# [Task to complete]
Lines with the string "shows" must each be copied from the listing.

# [Given entries]

text \<open>Let \<open>H = H\<^sub>3(\<int>/N)\<close> with \<open>N\<close> odd, let \<open>s1, s2\<close> lift the generators of \<open>H\<close> to a stem
  extension and let \<open>w = [s1, s2]\<close>. The kernel lies in the derived subgroup, which consists of
  products \<open>w\<^sup>n u\<^sup>i v\<^sup>j\<close> with \<open>u = [w, s1]\<close>, \<open>v = [w, s2]\<close> central of order dividing \<open>N\<close>;
  hence the Schur multiplier has order at most \<open>N\<^sup>2\<close>, and an explicit extension of order
  \<open>N\<^sup>5\<close> attains this bound. In a Schur cover, the lift of a central element \<open>(0, 0, M)\<close>
  commutes with the lift of \<open>(a, b, c)\<close> when \<open>M\<close> annihilates \<open>a\<close> and \<open>b\<close>, since
  \<open>[h\<^sup>M, g] = [h, g\<^sup>M]\<close>; conversely, in the explicit cover it forces \<open>N\<close> to divide \<open>2Ma\<close> and
  \<open>2Mb\<close>. For \<open>N = p\<close> a non-trivial central element is therefore adjacent only to central
  elements, which disconnects the reduced graph; for \<open>N = p\<^sup>k\<close> with \<open>k \<ge> 2\<close>, every reduced
  vertex reaches \<open>(0, 0, p\<^bsup>k-1\<^esup>)\<close> directly or through its \<open>p\<close>-th power.\<close>

text \<open>Writing every residue as \<open>x mod N = x + N * (- (x div N))\<close> turns an identity between
  residues into the existence of an integer multiple of \<open>N\<close>, an ideal-membership problem that
  the \<open>algebra\<close> method decides.\<close>

lemma mod_eq_div_form: "(x::int) mod N = x + N * (- (x div N))"
  by (simp add: minus_div_mult_eq_mod[symmetric] algebra_simps)

lemma mod_eqI_multiple: "(\<exists>k. x = y + N * k) \<Longrightarrow> (x::int) mod N = y mod N"
  by auto

lemma mod_eq_0I_multiple: "(\<exists>k. x = N * k) \<Longrightarrow> (x::int) mod N = 0"
  by auto

lemma mod_eq_residueI: "0 \<le> z \<Longrightarrow> z < N \<Longrightarrow> (\<exists>k. x = z + N * k) \<Longrightarrow> (x::int) mod N = z"
  by auto

lemma residue_eq_0_if_dvd: "0 \<le> (a::int) \<Longrightarrow> a < n \<Longrightarrow> n dvd a \<Longrightarrow> a = 0"
  using zdvd_imp_le by fastforce

definition commutator :: "('a, 'b) monoid_scheme \<Rightarrow> 'a \<Rightarrow> 'a \<Rightarrow> 'a" where
  "commutator G x y = x \<otimes>\<^bsub>G\<^esub> y \<otimes>\<^bsub>G\<^esub> inv\<^bsub>G\<^esub> x \<otimes>\<^bsub>G\<^esub> inv\<^bsub>G\<^esub> y"

context group
begin

lemma mult_inv_cancel_left: "x \<in> carrier G \<Longrightarrow> y \<in> carrier G \<Longrightarrow> x \<otimes> (inv x \<otimes> y) = y"
  by (simp add: m_assoc[symmetric])

lemma inv_mult_cancel_left: "x \<in> carrier G \<Longrightarrow> y \<in> carrier G \<Longrightarrow> inv x \<otimes> (x \<otimes> y) = y"
  by (simp add: m_assoc[symmetric])

lemma commutator_closed [simp]:
  "x \<in> carrier G \<Longrightarrow> y \<in> carrier G \<Longrightarrow> commutator G x y \<in> carrier G"
  by (simp add: commutator_def)

lemma commutator_eq_one_iff:
  assumes "x \<in> carrier G" "y \<in> carrier G"
  shows "commutator G x y = \<one> \<longleftrightarrow> x \<otimes> y = y \<otimes> x"
proof -
  have "commutator G x y = (x \<otimes> y) \<otimes> inv (y \<otimes> x)"
    using assms by (simp add: commutator_def inv_mult_group m_assoc)
  then show ?thesis
    using assms by (metis inv_closed inv_comm inv_inv m_closed r_inv inv_equality)
qed

lemma inv_commutator:
  "x \<in> carrier G \<Longrightarrow> y \<in> carrier G \<Longrightarrow> inv (commutator G x y) = commutator G y x"
  by (simp add: commutator_def inv_mult_group m_assoc)

lemma commutator_mult_left:
  "x1 \<in> carrier G \<Longrightarrow> x2 \<in> carrier G \<Longrightarrow> y \<in> carrier G \<Longrightarrow>
   commutator G (x1 \<otimes> x2) y = x1 \<otimes> commutator G x2 y \<otimes> inv x1 \<otimes> commutator G x1 y"
  by (simp add: commutator_def inv_mult_group m_assoc mult_inv_cancel_left inv_mult_cancel_left)

lemma commutator_mult_right:
  "x \<in> carrier G \<Longrightarrow> y1 \<in> carrier G \<Longrightarrow> y2 \<in> carrier G \<Longrightarrow>
   commutator G x (y1 \<otimes> y2) = commutator G x y1 \<otimes> (y1 \<otimes> commutator G x y2 \<otimes> inv y1)"
  by (simp add: commutator_def inv_mult_group m_assoc mult_inv_cancel_left inv_mult_cancel_left)

lemma commutator_pow_self: "x \<in> carrier G \<Longrightarrow> commutator G x (x [^] (n::nat)) = \<one>"
  by (simp add: commutator_eq_one_iff nat_pow_comm[of x 1 n, simplified])

lemma conj_eq_commutator_mult:
  "g \<in> carrier G \<Longrightarrow> x \<in> carrier G \<Longrightarrow> g \<otimes> x \<otimes> inv g = commutator G g x \<otimes> x"
  by (simp add: commutator_def m_assoc)

lemma conj_commuting:
  "g \<in> carrier G \<Longrightarrow> c \<in> carrier G \<Longrightarrow> c \<otimes> g = g \<otimes> c \<Longrightarrow> g \<otimes> c \<otimes> inv g = c"
  by (metis m_assoc inv_closed r_inv r_one)

lemma conj_mult:
  "g \<in> carrier G \<Longrightarrow> x \<in> carrier G \<Longrightarrow> y \<in> carrier G \<Longrightarrow>
   g \<otimes> (x \<otimes> y) \<otimes> inv g = (g \<otimes> x \<otimes> inv g) \<otimes> (g \<otimes> y \<otimes> inv g)"
  by (simp add: m_assoc mult_inv_cancel_left inv_mult_cancel_left)

lemma conj_nat_pow:
  "g \<in> carrier G \<Longrightarrow> x \<in> carrier G \<Longrightarrow> g \<otimes> (x [^] (n::nat)) \<otimes> inv g = (g \<otimes> x \<otimes> inv g) [^] n"
  by (induction n) (simp_all add: conj_mult)

lemma inv_eq_pow_pred:
  assumes "x \<in> carrier G" "x [^] (n::nat) = \<one>" "n \<ge> 1"
  shows "inv x = x [^] (n - 1)"
proof -
  have "x \<otimes> x [^] (n - 1) = \<one>"
    using assms nat_pow_Suc2[of x "n - 1"] by simp
  then show ?thesis
    using assms inv_equality[of "x [^] (n - 1)" x] inv_comm[of x "x [^] (n - 1)"] by simp
qed

lemma nat_pow_mod_order:
  assumes "x \<in> carrier G" "x [^] (n::nat) = \<one>"
  shows "x [^] (m::nat) = x [^] (m mod n)"
proof -
  have "x [^] m = x [^] (n * (m div n) + m mod n)" by simp
  also have "\<dots> = (x [^] n) [^] (m div n) \<otimes> x [^] (m mod n)"
    using assms(1) by (simp only: nat_pow_mult nat_pow_pow)
  finally show ?thesis using assms by simp
qed

end

lemma (in group_hom) commutator_image:
  "x \<in> carrier G \<Longrightarrow> y \<in> carrier G \<Longrightarrow> h (commutator G x y) = commutator H (h x) (h y)"
  by (simp add: commutator_def)

section \<open>The Heisenberg group modulo N\<close>

lemma heisenberg_simps:
  "carrier (heisenberg N) = {0..<N} \<times> {0..<N} \<times> {0..<N}"
  "\<one>\<^bsub>heisenberg N\<^esub> = (0, 0, 0)"
  "(a, b, c) \<otimes>\<^bsub>heisenberg N\<^esub> (a', b', c') = ((a + a') mod N, (b + b') mod N, (c + c' + a * b') mod N)"
  by (simp_all add: heisenberg_def)

lemma heisenberg_inverse:
  "((- a) mod N, (- b) mod N, (a * b - c) mod N) \<otimes>\<^bsub>heisenberg N\<^esub> (a, b, c) = \<one>\<^bsub>heisenberg N\<^esub>"
  unfolding heisenberg_simps
  by (simp add: mod_simps, rule mod_eq_0I_multiple, simp only: mod_eq_div_form[of _ N], algebra)

lemma heisenberg_group:
  assumes "(N::int) > 0"
  shows "group (heisenberg N)"
proof (rule groupI)
  fix x y assume "x \<in> carrier (heisenberg N)" "y \<in> carrier (heisenberg N)"
  then show "x \<otimes>\<^bsub>heisenberg N\<^esub> y \<in> carrier (heisenberg N)"
    using assms by (cases x, cases y) (auto simp: heisenberg_simps)
next
  show "\<one>\<^bsub>heisenberg N\<^esub> \<in> carrier (heisenberg N)"
    using assms by (simp add: heisenberg_simps)
next
  fix x y z :: "int \<times> int \<times> int"
  obtain a b c a' b' c' a'' b'' c'' where xyz: "x = (a, b, c)" "y = (a', b', c')" "z = (a'', b'', c'')"
    by (cases x, cases y, cases z) auto
  show "x \<otimes>\<^bsub>heisenberg N\<^esub> y \<otimes>\<^bsub>heisenberg N\<^esub> z = x \<otimes>\<^bsub>heisenberg N\<^esub> (y \<otimes>\<^bsub>heisenberg N\<^esub> z)"
    unfolding xyz
    by (simp add: heisenberg_simps mod_simps add.assoc,
        rule mod_eqI_multiple, simp only: mod_eq_div_form[of _ N], algebra)
next
  fix x assume "x \<in> carrier (heisenberg N)"
  then show "\<one>\<^bsub>heisenberg N\<^esub> \<otimes>\<^bsub>heisenberg N\<^esub> x = x"
    by (cases x) (auto simp: heisenberg_simps)
next
  fix x assume "x \<in> carrier (heisenberg N)"
  obtain a b c where "x = (a, b, c)" by (cases x)
  moreover have "((- a) mod N, (- b) mod N, (a * b - c) mod N) \<in> carrier (heisenberg N)"
    using assms by (simp add: heisenberg_simps)
  ultimately show "\<exists>y\<in>carrier (heisenberg N). y \<otimes>\<^bsub>heisenberg N\<^esub> x = \<one>\<^bsub>heisenberg N\<^esub>"
    using heisenberg_inverse by blast
qed

lemma heisenberg_inv:
  assumes "(N::int) > 0" and "(a, b, c) \<in> carrier (heisenberg N)"
  shows "inv\<^bsub>heisenberg N\<^esub> (a, b, c) = ((- a) mod N, (- b) mod N, (a * b - c) mod N)"
proof -
  interpret group "heisenberg N" using heisenberg_group[OF assms(1)] .
  show ?thesis
    using inv_equality[OF heisenberg_inverse assms(2)] assms(1) by (simp add: heisenberg_simps)
qed

lemma heisenberg_pow_fst_snd:
  "fst (x [^]\<^bsub>heisenberg N\<^esub> (n::nat)) = (int n * fst x) mod N \<and>
   fst (snd (x [^]\<^bsub>heisenberg N\<^esub> n)) = (int n * fst (snd x)) mod N"
proof (induction n)
  case 0
  then show ?case by (simp add: heisenberg_simps)
next
  case (Suc n)
  obtain a b c a' b' c' where "x = (a, b, c)" "x [^]\<^bsub>heisenberg N\<^esub> n = (a', b', c')"
    by (cases x, cases "x [^]\<^bsub>heisenberg N\<^esub> n") auto
  with Suc show ?case by (simp add: heisenberg_simps mod_simps algebra_simps)
qed

lemma heisenberg_pow_generators:
  "(1, 0, 0) [^]\<^bsub>heisenberg N\<^esub> (n::nat) = (int n mod N, 0, 0)"
  "(0, 1, 0) [^]\<^bsub>heisenberg N\<^esub> n = (0, int n mod N, 0)"
  "(0, 0, 1) [^]\<^bsub>heisenberg N\<^esub> n = (0, 0, int n mod N)"
  by (induction n) (simp_all add: heisenberg_simps mod_simps algebra_simps)

lemma heisenberg_central:
  "y \<in> carrier (heisenberg N) \<Longrightarrow> (0, 0, c) \<otimes>\<^bsub>heisenberg N\<^esub> y = y \<otimes>\<^bsub>heisenberg N\<^esub> (0, 0, c)"
  by (cases y) (auto simp: heisenberg_simps algebra_simps)

lemma heisenberg_commute_generators:
  assumes "(a, b, c) \<in> carrier (heisenberg N)"
  shows "(a, b, c) \<otimes>\<^bsub>heisenberg N\<^esub> (1, 0, 0) = (1, 0, 0) \<otimes>\<^bsub>heisenberg N\<^esub> (a, b, c) \<Longrightarrow> b = 0"
    and "(a, b, c) \<otimes>\<^bsub>heisenberg N\<^esub> (0, 1, 0) = (0, 1, 0) \<otimes>\<^bsub>heisenberg N\<^esub> (a, b, c) \<Longrightarrow> a = 0"
proof -
  have carrier: "0 \<le> a" "a < N" "0 \<le> b" "b < N" "0 \<le> c" "c < N"
    using assms by (auto simp: heisenberg_simps)
  show "b = 0" if "(a, b, c) \<otimes>\<^bsub>heisenberg N\<^esub> (1, 0, 0) = (1, 0, 0) \<otimes>\<^bsub>heisenberg N\<^esub> (a, b, c)"
  proof -
    have "(b + c) mod N = c mod N" using that carrier by (simp add: heisenberg_simps add.commute)
    then have "N dvd b" by (simp add: mod_eq_dvd_iff)
    then show ?thesis using carrier residue_eq_0_if_dvd by blast
  qed
  show "a = 0" if "(a, b, c) \<otimes>\<^bsub>heisenberg N\<^esub> (0, 1, 0) = (0, 1, 0) \<otimes>\<^bsub>heisenberg N\<^esub> (a, b, c)"
  proof -
    have "(a + c) mod N = c mod N" using that carrier by (simp add: heisenberg_simps add.commute)
    then have "N dvd a" by (simp add: mod_eq_dvd_iff)
    then show ?thesis using carrier residue_eq_0_if_dvd by blast
  qed
qed

lemma heisenberg_commutator_generators:
  assumes "(N::int) > 1"
  shows "commutator (heisenberg N) (1, 0, 0) (0, 1, 0) = (0, 0, 1)"
proof -
  have "(1, 0, 0) \<in> carrier (heisenberg N)" "(0, 1, 0) \<in> carrier (heisenberg N)"
    using assms by (auto simp: heisenberg_simps)
  then show ?thesis
    using assms heisenberg_inv by (simp add: commutator_def heisenberg_simps mod_simps zmod_zminus1_eq_if)
qed

section \<open>Stem extensions of the Heisenberg group\<close>

locale heisenberg_stem = S?: group S for S (structure) +
  fixes \<pi> :: "'a \<Rightarrow> int \<times> int \<times> int" and N :: int
  assumes N_gt_1: "N > 1"
    and stem: "stem_extension S (heisenberg N) \<pi>"
begin

abbreviation "H \<equiv> heisenberg N"
abbreviation "K \<equiv> kernel S H \<pi>"

sublocale \<pi>: group_hom S H \<pi>
  using stem heisenberg_group[of N] N_gt_1
  by (simp add: group_hom_def group_hom_axioms_def stem_extension_def epi_def S.group_axioms)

# [Response to this task]
  shows "commutator G x y = \<one> \<longleftrightarrow> x \<otimes> y = y \<otimes> x"
  shows "inv x = x [^] (n - 1)"
  shows "x [^] (m::nat) = x [^] (m mod n)"
  shows "group (heisenberg N)"
  shows "inv\<^bsub>heisenberg N\<^esub> (a, b, c) = ((- a) mod N, (- b) mod N, (a * b - c) mod N)"
  shows "(a, b, c) \<otimes>\<^bsub>heisenberg N\<^esub> (1, 0, 0) = (1, 0, 0) \<otimes>\<^bsub>heisenberg N\<^esub> (a, b, c) \<Longrightarrow> b = 0"
  shows "commutator (heisenberg N) (1, 0, 0) (0, 1, 0) = (0, 0, 1)"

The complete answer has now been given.